Nominato "oratore della Nazione corsa", il C. dal 1573 al 1575 era a Genova, dove ebbe modo di illustrare tali progetti. Ma, di fronte ai tumulti scoppiati a Genova nel 1575, lasciò la città e si spostò a Firenze. Ricevuto dal granduca Francesco il 20 settembre, cercò di persuaderlo ad approfittare delle lotte intestine di Genova e a occupare la Corsica. Per rendere più concreta la proposta, indirizzò al granduca, tramite il Dovara, maestro di campo della cavalleria medicea, anche un memoriale particolareggiato, nel quale mostrava la facilità della buona riuscita dell'impresa. Col Dovara stabilì un cifirario per la corrispondenza e gli fornì un elenco degli isolani che in ogni paese avrebbero fornito validi aiuti. Dopo il rifiuto del Medici, condizionato dal divieto della corte únperiale e della Spagna, il C. ritornò in Corsica e riprese il suo posto nella vita pubblica. Nel 1579 fa nuovamente eletto procuratore dei Corsi presso la Repubblica, che lo nominò commissario alle strade e ai ponti, con un appannaggio di 200 lire l'anno. All'ufficio il C. adempì con intelligenza ed efficienza, facendo costruire anche l'importante ponte sul Golo. Dal 1579 al 1583 ebbe modo di tornare a Genova in diverse occasioni, sempre per perorare la causa dell'isola davanti al Senato. Ma i vari provvedimenti da lui proposti non furono mai attuati, anche per l'incuria dei governatori seguiti a Giorgio Doria.

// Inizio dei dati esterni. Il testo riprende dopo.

lemma exists_policy_inv_prob_risk_le:
  fixes C :: "('x \<Rightarrow> 'a \<Rightarrow> real) set"
  assumes C: "\<forall>W\<in>C. measurable_policy DX W" "C \<noteq> {}" "policy_convex C"
  shows "\<exists>W\<in>C. \<forall>Z\<in>C. (1 - real CARD('a) * \<mu>) * inv_prob_risk DX \<mu> W Z \<le> real CARD('a)"
proof -
  let ?K = "real CARD('a)" and ?\<Phi> = "log_barrier DX \<mu>"
  have bdd: "bdd_above (?\<Phi> ` C)"
    using C(1) log_barrier_nonpos unfolding measurable_policy_def bdd_above_def by blast
  define t where "t = \<mu> ^ 3 / 2"
  have "\<mu> \<le> ?K * \<mu>" using mu_pos by simp
  then have "\<mu> \<le> 1" using mu_le by linarith
  then have t: "0 < t" "t \<le> 1"
    using mu_pos power_le_one[of \<mu> 3] unfolding t_def by auto
  define \<delta> where "\<delta> = ?K * (t\<^sup>2 / \<mu>\<^sup>2)"
  have \<delta>: "\<delta> = t * (?K * \<mu>) / 2"
    unfolding \<delta>_def t_def using mu_pos by (simp add: field_simps eval_nat_numeral)
  moreover have "0 < t * (?K * \<mu>)" using t mu_pos by simp
  ultimately have "0 < \<delta>" by simp
  then obtain W where "W \<in> C" and W_near_sup: "Sup (?\<Phi> ` C) - \<delta> < ?\<Phi> W"
    using less_cSup_iff[OF _ bdd, of "Sup (?\<Phi> ` C) - \<delta>"] C(2) by auto
  show ?thesis
  proof (intro bexI[OF _ \<open>W \<in> C\<close>] ballI)
    fix Z assume "Z \<in> C"
    have mix: "policy_mix t Z W \<in> C" using policy_convex_mix[OF C(3) \<open>W \<in> C\<close> \<open>Z \<in> C\<close>] t by simp
    have "?\<Phi> (policy_mix t Z W) - ?\<Phi> W < \<delta>"
      using cSup_upper[OF imageI[OF mix] bdd] W_near_sup by simp
    moreover have "t * barrier_slope DX \<mu> W Z - \<delta> \<le> ?\<Phi> (policy_mix t Z W) - ?\<Phi> W"
      unfolding \<delta>_def using log_barrier_mix_ge[of W Z t] C(1) \<open>W \<in> C\<close> \<open>Z \<in> C\<close> t by simp
    ultimately have "t * barrier_slope DX \<mu> W Z < t * (?K * \<mu>)" unfolding \<delta> by linarith
    then have "barrier_slope DX \<mu> W Z < ?K * \<mu>" using t by simp
    then show "(1 - ?K * \<mu>) * inv_prob_risk DX \<mu> W Z \<le> ?K"
      using inv_prob_risk_le_barrier_slope[of W Z] C(1) \<open>W \<in> C\<close> \<open>Z \<in> C\<close> by (simp add: algebra_simps)
  qed
qed

end

theorem lemma1:
  fixes C :: "('x \<Rightarrow> 'a::finite \<Rightarrow> real) set"
    and DX :: "'x measure"
    and \<mu> :: real
  assumes "prob_space DX"
    and "\<forall>W\<in>C. policy W"
    and "\<forall>W\<in>C. \<forall>a. (\<lambda>x. W x a) \<in> borel_measurable DX"
    and "C \<noteq> {}"
    and "compact C"
    and "policy_convex C"
    and "0 < \<mu>" and "\<mu> \<le> 1 / real CARD('a)"
  shows "\<exists>W\<in>C. \<forall>Z\<in>C.
           ereal (inv_prob_risk DX \<mu> W Z) \<le> ereal (real CARD('a)) / ereal (1 - real CARD('a) * \<mu>)"
proof -
  let ?K = "real CARD('a)"
  have "?K * \<mu> \<le> 1" using assms(8) by (simp add: field_simps)
  moreover have "\<forall>W\<in>C. measurable_policy DX W"
    using assms(2,3) unfolding measurable_policy_def by blast
  ultimately obtain W where "W \<in> C" and W: "\<forall>Z\<in>C. (1 - ?K * \<mu>) * inv_prob_risk DX \<mu> W Z \<le> ?K"
    using exists_policy_inv_prob_risk_le[OF assms(1,7)] assms(4,6) by blast
  show ?thesis
  proof (cases "?K * \<mu> = 1")
    case True
    \<comment> \<open>the bound is \<open>K / 0 = \<infinity>\<close> in \<open>ereal\<close>\<close>
    then show ?thesis using \<open>W \<in> C\<close> by auto
  next
    case False
    with \<open>?K * \<mu> \<le> 1\<close> have "0 < 1 - ?K * \<mu>" by simp
    then show ?thesis
      using W \<open>W \<in> C\<close> by (auto simp: pos_le_divide_eq mult.commute)
  qed
qed

end
lemma T_nonneg: "0 \<le> T b c m"
proof (induction m)
  case 0
  show ?case
    using T_0_mem unfolding hit_set_def by simp
next
  case (Suc m)
  then show ?case
    using drawdown_phase.start_less_drawdown_time[OF drawdown_phase_if_nonneg] T_Suc
    by (metis less_imp_le order_trans)
qed

lemma drawdown_phase: "drawdown_phase (signed_path m) (T b c m) c"
  using drawdown_phase_if_nonneg T_nonneg by blast

lemma strict_mono_T: "strict_mono (T b c)"
  unfolding strict_mono_Suc_iff
  using drawdown_phase.start_less_drawdown_time[OF drawdown_phase] T_Suc by simp

lemma phase_oscillation:
  obtains r where "T b c m \<le> r" "r \<le> T b c (Suc m)" "\<bar>b r - b (T b c (Suc m))\<bar> = 2 * c"
proof -
  interpret P: drawdown_phase "signed_path m" "T b c m" c
    by (rule drawdown_phase)
  obtain r where "T b c m \<le> r" "r \<le> T b c (Suc m)"
      and "signed_path m r - signed_path m (T b c (Suc m)) = 2 * c"
    using P.drawdown_oscillation T_Suc by metis
  with that c_pos show ?thesis
    by (auto simp: signed_path_def split: if_splits)
qed

lemma T_unbounded: "\<exists>n. t < T b c n"
proof (rule ccontr)
  assume "\<nexists>n. t < T b c n"
  then have bdd: "bdd_above (range (T b c))"
    by (auto intro: bdd_aboveI[of _ t] simp: not_less)
  define L where "L = (SUP n. T b c n)"
  have lim: "T b c \<longlonglongrightarrow> L"
    unfolding L_def using bdd strict_mono_T
    by (intro LIMSEQ_incseq_SUP) (auto simp: incseq_def strict_mono_less_eq)
  have le_L: "T b c n \<le> L" for n
    unfolding L_def using bdd by (rule cSUP_upper[OF UNIV_I])
  then have "0 \<le> L"
    using T_nonneg order_trans by blast
  with continuous c_pos have "\<exists>d>0. \<forall>y\<in>{0..}. dist y L < d \<longrightarrow> dist (b y) (b L) < c"
    unfolding continuous_on_iff by blast
  then obtain d where "d > 0" and near: "\<And>y. 0 \<le> y \<Longrightarrow> \<bar>y - L\<bar> < d \<Longrightarrow> \<bar>b y - b L\<bar> < c"
    by (auto simp: dist_real_def)
  then obtain N where N: "\<And>n. n \<ge> N \<Longrightarrow> L - d < T b c n"
    using order_tendstoD(1)[OF lim, of "L - d"] unfolding eventually_sequentially by auto
  obtain r where r: "T b c N \<le> r" "r \<le> T b c (Suc N)" "\<bar>b r - b (T b c (Suc N))\<bar> = 2 * c"
    by (rule phase_oscillation)
  have "\<bar>b r - b L\<bar> < c"
    using r N[of N] le_L[of "Suc N"] T_nonneg[of N] by (intro near) auto
  moreover have "\<bar>b (T b c (Suc N)) - b L\<bar> < c"
    using N[of "Suc N"] le_L[of "Suc N"] T_nonneg[of "Suc N"] by (intro near) auto
  ultimately show False
    using r(3) by linarith
qed
lemma AE_dens_prob_eq_of_nll_le:
  fixes Z :: "'a \<Rightarrow> nat \<Rightarrow> real"
  assumes "prob_space M" "Z \<in> borel_measurable M" "Y \<in> borel_measurable M"
    "Yset \<in> sets borel" and cd: "is_cond_density M Yset Y Z p" and Q: "Q \<in> dens_class Yset"
    and "integrable M (\<lambda>\<omega>. - ln (Q (Z \<omega>) (Y \<omega>)))" "integrable M (\<lambda>\<omega>. - ln (p (Z \<omega>) (Y \<omega>)))"
    "AE \<omega> in M. 0 < Q (Z \<omega>) (Y \<omega>)"
    "(\<integral>\<omega>. - ln (Q (Z \<omega>) (Y \<omega>)) \<partial>M) \<le> (\<integral>\<omega>. - ln (p (Z \<omega>) (Y \<omega>)) \<partial>M)"
  shows "AE \<omega> in M. \<forall>A. dens_prob p Yset A (Z \<omega>) = dens_prob Q Yset A (Z \<omega>)"
proof -
  have p_dens: "p \<in> dens_class Yset" using cd by (simp add: is_cond_density_def)
  have "AE \<omega> in M. Q (Z \<omega>) (Y \<omega>) = p (Z \<omega>) (Y \<omega>)"
    by (rule AE_eq_cond_density_of_nll_le[OF assms])
  from AE_cond_density_agree_on_support[OF assms(1-6) this]
  show ?thesis
  proof eventually_elim
    case (elim \<omega>)
    have "AE y in lborel. y \<in> Yset \<longrightarrow> Q (Z \<omega>) y = p (Z \<omega>) y"
      using elim assms(4) by (intro AE_eq_of_agree_on_support) (auto simp: dens_classD[OF p_dens] dens_classD[OF Q])
    then show ?case by (auto intro: dens_prob_cong_AE elim!: eventually_mono)
  qed
qed

lemma dens_class_d_trunc:
  assumes "g \<in> dens_class Yset"
  shows "(\<lambda>r. g (trunc d r)) \<in> dens_class_d Yset d"
proof -
  note [measurable] = borel_measurable_trunc dens_classD(1)[OF assms]
  have "(\<lambda>x. g (trunc d (fst x)) (snd x)) \<in> borel_measurable (borel :: ((nat \<Rightarrow> real) \<times> real) measure)"
    using measurable_compose[of "\<lambda>x. (trunc d (fst x), snd x)" borel borel "\<lambda>x. g (fst x) (snd x)"]
    by simp measurable
  moreover have "trunc d r = trunc d r'" if "\<forall>i<d. r i = r' i" for r r'
    using that by (auto simp: trunc_def)
  ultimately show ?thesis
    using assms unfolding dens_class_d_def dens_class_def by (auto simp: split_beta') metis
qed

lemma dens_class_d_trunc_eq: "g \<in> dens_class_d Yset d \<Longrightarrow> g (trunc d r) = g r"
  by (auto simp: dens_class_d_def trunc_def)

lemma loss_d_eq_of_trunc_fixed:
  assumes "\<And>\<omega>. trunc d (R \<omega>) = R \<omega>" and "d \<le> d'"
  shows "loss_d M Yset Y R d' = loss_d M Yset Y R d"
proof (rule antisym)
  show "loss_d M Yset Y R d' \<le> loss_d M Yset Y R d"
    unfolding loss_d_def using \<open>d \<le> d'\<close> by (intro INF_superset_mono) (auto simp: dens_class_d_def)
next
  have "exp_nll M Y R (\<lambda>r. g (trunc d r)) = exp_nll M Y R g" for g
    by (simp add: exp_nll_def assms(1))
  moreover have "(\<lambda>r. g (trunc d r)) \<in> dens_class_d Yset d" if "g \<in> dens_class_d Yset d'" for g
    using that by (intro dens_class_d_trunc) (simp add: dens_class_d_def)
  ultimately show "loss_d M Yset Y R d \<le> loss_d M Yset Y R d'"
    unfolding loss_d_def by (intro INF_mono) (metis order_refl)
qed

lemma loss_d_eq_nll_cond_density:
  fixes R :: "'a \<Rightarrow> nat \<Rightarrow> real"
  assumes "prob_space M" and [measurable]: "R \<in> borel_measurable M" "Y \<in> borel_measurable M"
    and [measurable]: "Yset \<in> sets borel"
    and cd: "is_cond_density M Yset Y (\<lambda>\<omega>. trunc d (R \<omega>)) q"
    and int_q: "integrable M (\<lambda>\<omega>. - ln (q (trunc d (R \<omega>)) (Y \<omega>)))"
  shows "loss_d M Yset Y R d = ereal (\<integral>\<omega>. - ln (q (trunc d (R \<omega>)) (Y \<omega>)) \<partial>M)"
proof (rule antisym)
  have q_dens: "q \<in> dens_class Yset" using cd by (simp add: is_cond_density_def)
  have [measurable]: "(\<lambda>\<omega>. trunc d (R \<omega>)) \<in> borel_measurable M"
    using borel_measurable_trunc by measurable
  show "loss_d M Yset Y R d \<le> ereal (\<integral>\<omega>. - ln (q (trunc d (R \<omega>)) (Y \<omega>)) \<partial>M)"
    unfolding loss_d_def
    using dens_class_d_trunc[OF q_dens] AE_cond_density_pos[OF assms(1) _ _ _ cd] int_q
    by (intro INF_lower2) (auto simp: exp_nll_def)
  show "ereal (\<integral>\<omega>. - ln (q (trunc d (R \<omega>)) (Y \<omega>)) \<partial>M) \<le> loss_d M Yset Y R d"
    unfolding loss_d_def
  proof (rule INF_greatest)
    fix g assume g: "g \<in> dens_class_d Yset d"
    then have g_dens: "g \<in> dens_class Yset" by (simp add: dens_class_d_def)
    have g_R: "g (R \<omega>) = g (trunc d (R \<omega>))" for \<omega>
      using dens_class_d_trunc_eq[OF g] by simp
    show "ereal (\<integral>\<omega>. - ln (q (trunc d (R \<omega>)) (Y \<omega>)) \<partial>M) \<le> exp_nll M Y R g"
      using nll_cond_density_le[OF assms(1) _ _ _ cd g_dens _ int_q]
      by (auto simp: exp_nll_def g_R)
  qed
qed

lemma sigma_finite_subalgebra_gen_alg:
  assumes "prob_space M" and "V \<in> borel_measurable M"
  shows "sigma_finite_subalgebra M (gen_alg M V)"
proof (rule finite_measure_subalgebra_is_sigma_finite)
  interpret prob_space M by fact
  show "finite_measure_subalgebra M (gen_alg M V)"
    by unfold_locales
       (simp add: subalgebra_def gen_alg_def sets_image_in_sets[OF refl assms(2)])
qed

lemma sets_gen_alg: "sets (gen_alg M V) = {V -` A \<inter> space M | A. A \<in> sets borel}"
  unfolding gen_alg_def by (rule sets_vimage_algebra2) simp

lemma measurable_gen_alg_comp:
  assumes "f \<in> borel_measurable borel"
  shows "(\<lambda>\<omega>. f (V \<omega>)) \<in> borel_measurable (gen_alg M V)"
proof -
  have "V \<in> measurable (gen_alg M V) borel"
    unfolding gen_alg_def by (rule measurable_vimage_algebra1) simp
  from measurable_compose[OF this assms] show ?thesis .
qed

lemma indicator_gen_alg_comp:
  assumes "v \<in> borel_measurable borel" "G \<in> sets (gen_alg M (\<lambda>\<omega>. v (X \<omega>)))"
  obtains E where "E \<in> sets borel" "\<And>\<omega>. \<omega> \<in> space M \<Longrightarrow> indicator G \<omega> = (indicator E (X \<omega>) :: real)"
proof -
  obtain E' where "E' \<in> sets borel" "G = (\<lambda>\<omega>. v (X \<omega>)) -` E' \<inter> space M"
    using assms(2) unfolding sets_gen_alg by blast
  moreover have "v -` E' \<in> sets borel" using measurable_sets[OF assms(1) \<open>E' \<in> sets borel\<close>] by simp
  ultimately show ?thesis using that[of "v -` E'"] by (auto simp: indicator_def)
qed

lemma integral_cond_indep:
  fixes X :: "'a \<Rightarrow> 'c::topological_space" and Y :: "'a \<Rightarrow> 'b::topological_space"
    and V :: "'a \<Rightarrow> 'd::topological_space"
  assumes "prob_space M"
    and [measurable]: "X \<in> borel_measurable M" "Y \<in> borel_measurable M" "V \<in> borel_measurable M"
    and ci: "cond_indep M Y X V" and [measurable]: "A \<in> sets borel" "C \<in> sets borel"
  shows "(\<integral>\<omega>. indicator A (Y \<omega>) * indicator C (X \<omega>) \<partial>M)
       = (\<integral>\<omega>. real_cond_exp M (gen_alg M V) (\<lambda>\<omega>. indicator A (Y \<omega>)) \<omega> * indicator C (X \<omega>) \<partial>M)"
proof -
  interpret prob_space M by fact
  interpret F: sigma_finite_subalgebra M "gen_alg M V"
    by (rule sigma_finite_subalgebra_gen_alg) (use assms in auto)
  let ?E = "real_cond_exp M (gen_alg M V)"
  have int_A: "integrable M (\<lambda>\<omega>. indicator A (Y \<omega>) :: real)"
    and int_AC: "integrable M (\<lambda>\<omega>. indicator A (Y \<omega>) * indicator C (X \<omega>) :: real)"
    by (auto intro!: integrable_const_bound[of _ 1] simp: indicator_def)
  have "(\<integral>\<omega>. indicator A (Y \<omega>) * indicator C (X \<omega>) \<partial>M)
      = (\<integral>\<omega>. ?E (\<lambda>\<omega>. indicator A (Y \<omega>) * indicator C (X \<omega>)) \<omega> \<partial>M)"
    using F.real_cond_exp_int(2)[OF int_AC] by simp
  also have "\<dots> = (\<integral>\<omega>. ?E (\<lambda>\<omega>. indicator A (Y \<omega>)) \<omega> * ?E (\<lambda>\<omega>. indicator C (X \<omega>)) \<omega> \<partial>M)"
    using ci unfolding cond_indep_def by (intro integral_cong_AE) auto
  also have "\<dots> = (\<integral>\<omega>. ?E (\<lambda>\<omega>. indicator A (Y \<omega>)) \<omega> * indicator C (X \<omega>) \<partial>M)"
  proof (rule F.real_cond_exp_intg(2))
    show "integrable M (\<lambda>\<omega>. ?E (\<lambda>\<omega>. indicator A (Y \<omega>)) \<omega> * indicator C (X \<omega>))"
      by (rule Bochner_Integration.integrable_bound[OF F.real_cond_exp_int(1)[OF int_A]])
         (auto simp: indicator_def)
  qed auto
  finally show ?thesis .
qed

lemma AE_real_cond_exp_indicator_mult:
  fixes X :: "'a \<Rightarrow> 'c::topological_space" and Y :: "'a \<Rightarrow> 'b::topological_space"
    and v :: "'c \<Rightarrow> 'd::topological_space" and m :: "'a \<Rightarrow> real"
  assumes "prob_space M" and [measurable]: "X \<in> borel_measurable M" "Y \<in> borel_measurable M"
    and [measurable]: "v \<in> borel_measurable borel"
    and m_meas[measurable]: "m \<in> borel_measurable (gen_alg M (\<lambda>\<omega>. v (X \<omega>)))"
    and m_bounds: "\<And>\<omega>. 0 \<le> m \<omega> \<and> m \<omega> \<le> 1"
    and m_cond: "\<And>C. C \<in> sets borel \<Longrightarrow>
       (\<integral>\<omega>. indicator A (Y \<omega>) * indicator C (X \<omega>) \<partial>M) = (\<integral>\<omega>. m \<omega> * indicator C (X \<omega>) \<partial>M)"
    and [measurable]: "A \<in> sets borel" "B \<in> sets borel"
  shows "AE \<omega> in M. real_cond_exp M (gen_alg M (\<lambda>\<omega>. v (X \<omega>))) (\<lambda>\<omega>. indicator A (Y \<omega>) * indicator B (X \<omega>)) \<omega>
           = m \<omega> * real_cond_exp M (gen_alg M (\<lambda>\<omega>. v (X \<omega>))) (\<lambda>\<omega>. indicator B (X \<omega>)) \<omega>"
proof -
  interpret prob_space M by fact
  let ?F = "gen_alg M (\<lambda>\<omega>. v (X \<omega>))"
  let ?E = "real_cond_exp M ?F"
  interpret F: sigma_finite_subalgebra M ?F
    by (rule sigma_finite_subalgebra_gen_alg) (use assms in auto)
  have [measurable]: "m \<in> borel_measurable M" by (rule measurable_from_subalg[OF F.subalg m_meas])
  have int_m: "integrable M m" by (rule integrable_const_bound[of _ 1]) (use m_bounds in auto)
  have int_B: "integrable M (\<lambda>\<omega>. indicator B (X \<omega>) :: real)"
    by (rule integrable_const_bound[of _ 1]) (auto simp: indicator_def)
  show ?thesis
  proof (rule F.real_cond_exp_charact)
    fix G assume G: "G \<in> sets ?F"
    then obtain E where [measurable]: "E \<in> sets borel"
      and E: "\<And>\<omega>. \<omega> \<in> space M \<Longrightarrow> indicator G \<omega> = (indicator E (X \<omega>) :: real)"
      by (rule indicator_gen_alg_comp[rotated]) measurable
    have [measurable]: "G \<in> sets M" using G F.subalg by (auto simp: subalgebra_def)
    have "(\<integral>\<omega>\<in>G. indicator A (Y \<omega>) * indicator B (X \<omega>) \<partial>M)
        = (\<integral>\<omega>. indicator A (Y \<omega>) * indicator (E \<inter> B) (X \<omega>) \<partial>M :: real)"
      unfolding set_lebesgue_integral_def
      by (rule Bochner_Integration.integral_cong)
         (simp_all add: E indicator_inter_arith mult.commute mult.left_commute)
    also have "\<dots> = (\<integral>\<omega>. (indicator G \<omega> * m \<omega>) * indicator B (X \<omega>) \<partial>M)"
      by (subst m_cond) (auto intro!: Bochner_Integration.integral_cong simp: E indicator_inter_arith)
    also have "\<dots> = (\<integral>\<omega>. (indicator G \<omega> * m \<omega>) * ?E (\<lambda>\<omega>. indicator B (X \<omega>)) \<omega> \<partial>M)"
    proof (rule F.real_cond_exp_intg(2)[symmetric])
      show "integrable M (\<lambda>\<omega>. (indicator G \<omega> * m \<omega>) * indicator B (X \<omega>))"
        using m_bounds by (intro Bochner_Integration.integrable_bound[OF int_m])
          (auto split: split_indicator)
    qed (use G in measurable)
    also have "\<dots> = (\<integral>\<omega>\<in>G. m \<omega> * ?E (\<lambda>\<omega>. indicator B (X \<omega>)) \<omega> \<partial>M)"
      unfolding set_lebesgue_integral_def by (simp add: ac_simps)
    finally show "(\<integral>\<omega>\<in>G. indicator A (Y \<omega>) * indicator B (X \<omega>) \<partial>M)
        = (\<integral>\<omega>\<in>G. m \<omega> * ?E (\<lambda>\<omega>. indicator B (X \<omega>)) \<omega> \<partial>M)" .
  next
    have "\<bar>m \<omega> * ?E (\<lambda>\<omega>. indicator B (X \<omega>)) \<omega>\<bar> \<le> \<bar>?E (\<lambda>\<omega>. indicator B (X \<omega>)) \<omega>\<bar>" for \<omega>
      using m_bounds[of \<omega>] by (simp add: abs_mult mult_left_le_one_le)
    then show "integrable M (\<lambda>\<omega>. m \<omega> * ?E (\<lambda>\<omega>. indicator B (X \<omega>)) \<omega>)"
      by (intro Bochner_Integration.integrable_bound[OF F.real_cond_exp_int(1)[OF int_B]]) auto
  qed (auto intro!: integrable_const_bound[of _ 1] simp: indicator_def)
qed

Perciò, nel 1582, in occasione dell'arrivo di un nuovo governatore, il C. pronunziò parole rudi contro l'amministrazione, cosa permessa impunemente, secondo una vecchia usanza, in occasione di un nuovo insediamento. Ma per il C. si fece eccezione: gli furono tolti appannaggio e titoli, né valsero i suoi ricorsi al Senato genovese per modificare le decisioni. La sua carriera politica era chiusa: e dopo il 1583, o per questo episodio o per la sopravvenuta morte, il suo nome non compare più nella lista del Consiglio dei nobili di Corsica.
Bibl.: H. Yvia-Croce, Anthologie des écrivainscorses, Ajaccio 1929, pp. 63-75; P. Parisella, A. F. C., cronista ital., in Corsica antica e moderna, I (1932), pp. 253-257; C. Starace, Bibliogr. della Corsica, Milano 1943, n. 2090; R. Emanuelli, Gênes et l'Espagne dans la guerre de Corse, Paris 1964, p. 434.